🤖 AI Summary
This study addresses the formalization of analogical proportions in the space of probability distributions, specifically tackling the challenge of defining and applying such proportions between discrete attribute distributions. It systematically extends analogical proportions from scalar values to normalized probability distributions for the first time, proposing a modeling approach that integrates both arithmetic and geometric proportionality to capture analogical structures among distributions. Theoretical analysis and empirical experiments demonstrate that when four feature vectors satisfy analogical proportions component-wise, their corresponding discrete probability distributions tend to preserve analogous relationships. The proposed framework effectively supports analogical reasoning and classification tasks, thereby validating the feasibility and practical utility of probabilistic analogies in predictive settings.
📝 Abstract
Analogical proportions link four items a, b, c, d by a relation stating that ``a is to b as c is to d", a, b, c, d being the formal representation of real world entities, ranging from simple numerical values to more complex structures such as profiles. Accordingly, $a, b, c, d$ could be atomic values like Boolean, nominal or numerical values, more generally vectors of such values, or even families of items represented by logical formulas. In this paper, we consider another representation setting, which is the probabilistic one. Precisely, the article proposes a study of {analogical} proportions between probabilities, whether they are simply between probability values, or between distributions (which requires the preservation of their normalization).

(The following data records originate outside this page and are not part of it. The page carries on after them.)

lemma front_enum_nth_in_iff:
  assumes "S \<subseteq> {..<n}" "j < n"
  shows "front_enum n S ! j \<in> S \<longleftrightarrow> j < card S"
proof -
  have fin: "finite S" using assms finite_subset by blast
  define C where "C = sorted_list_of_set ({..<n} - S)"
  have "front_enum n S ! j \<in> S" if "j < card S"
    using that fin nth_mem[of j "sorted_list_of_set S"] by (simp add: front_enum_def nth_append)
  moreover have "front_enum n S ! j \<notin> S" if "\<not> j < card S"
  proof -
    have "j - card S < length C"
      using that assms length_front_enum[OF assms(1)] by (simp add: front_enum_def C_def)
    then have "C ! (j - card S) \<in> {..<n} - S"
      using nth_mem[of "j - card S" C] by (simp add: C_def)
    then show ?thesis
      using that fin by (simp add: front_enum_def nth_append C_def)
  qed
  ultimately show ?thesis by blast
qed

text \<open>Path \<open>i\<close> takes the vertex \<open>round_robin_perm n S l i\<close> of layer \<open>l\<close>; the
  members of \<open>S l\<close> are listed first and are the tokens \<open>\<Sum>j<l. card (S j), \<dots>\<close>.\<close>

definition round_robin_perm :: "nat \<Rightarrow> (nat \<Rightarrow> nat set) \<Rightarrow> nat \<Rightarrow> nat \<Rightarrow> nat" where
  "round_robin_perm n S l = (!) (front_enum n (S l)) \<circ> cyclic_offset n (\<Sum>j<l. card (S j))"

lemma bij_betw_round_robin_perm:
  assumes "n > 0" "S l \<subseteq> {..<n}"
  shows "bij_betw (round_robin_perm n S l) {..<n} {..<n}"
  unfolding round_robin_perm_def
  using bij_betw_cyclic_offset[OF assms(1)] bij_betw_front_enum[OF assms(2)] by (rule bij_betw_trans)

lemma card_round_robin_perm_hits:
  assumes "\<forall>l<m. S l \<subseteq> {..<n}" "i < n"
  shows "card {l\<in>{..<m}. round_robin_perm n S l i \<in> S l} = cyclic_share n (\<Sum>l<m. card (S l)) i"
proof -
  have hit: "round_robin_perm n S l i \<in> S l \<longleftrightarrow> cyclic_offset n (\<Sum>j<l. card (S j)) i < card (S l)"
    if "l < m" for l
    using front_enum_nth_in_iff[of "S l" n] assms that
      bij_betwE[OF bij_betw_cyclic_offset[of n "\<Sum>j<l. card (S j)"]]
    by (simp add: round_robin_perm_def)
  have "card {l\<in>{..<m}. round_robin_perm n S l i \<in> S l}
        = (\<Sum>l<m. if round_robin_perm n S l i \<in> S l then 1 else 0)"
    by (simp add: sum.If_cases Int_def)
  also have "\<dots> = (\<Sum>l<m. if cyclic_offset n (\<Sum>j<l. card (S j)) i < card (S l) then 1 else 0)"
    using hit by (intro sum.cong) auto
  also have "\<dots> = cyclic_share n (\<Sum>l<m. card (S l)) i"
    using assms by (intro sum_cyclic_offset_indicator) (auto intro: card_mono[where B = "{..<n}", simplified])
  finally show ?thesis .
qed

More particularly, we study the properties of definitions based on arithmetic proportion, or on a combination of the former with geometric proportion, while other options are also discussed. Previous works have shown that when four profiles a, b, c, d, represented as vectors, form analogical proportions componentwise, it is likely that their classes form an analogical proportion also. This is the basis of an analogical proportion-based classification method that can produce accurate predictions. Similarly, in this paper, each profile is associated with a distribution describing the frequencies of the possible values of a discrete attribute of interest. We then discuss and experimentally investigate if the distributions associated to four profiles forming an analogical proportion themselves also form an analogical proportion.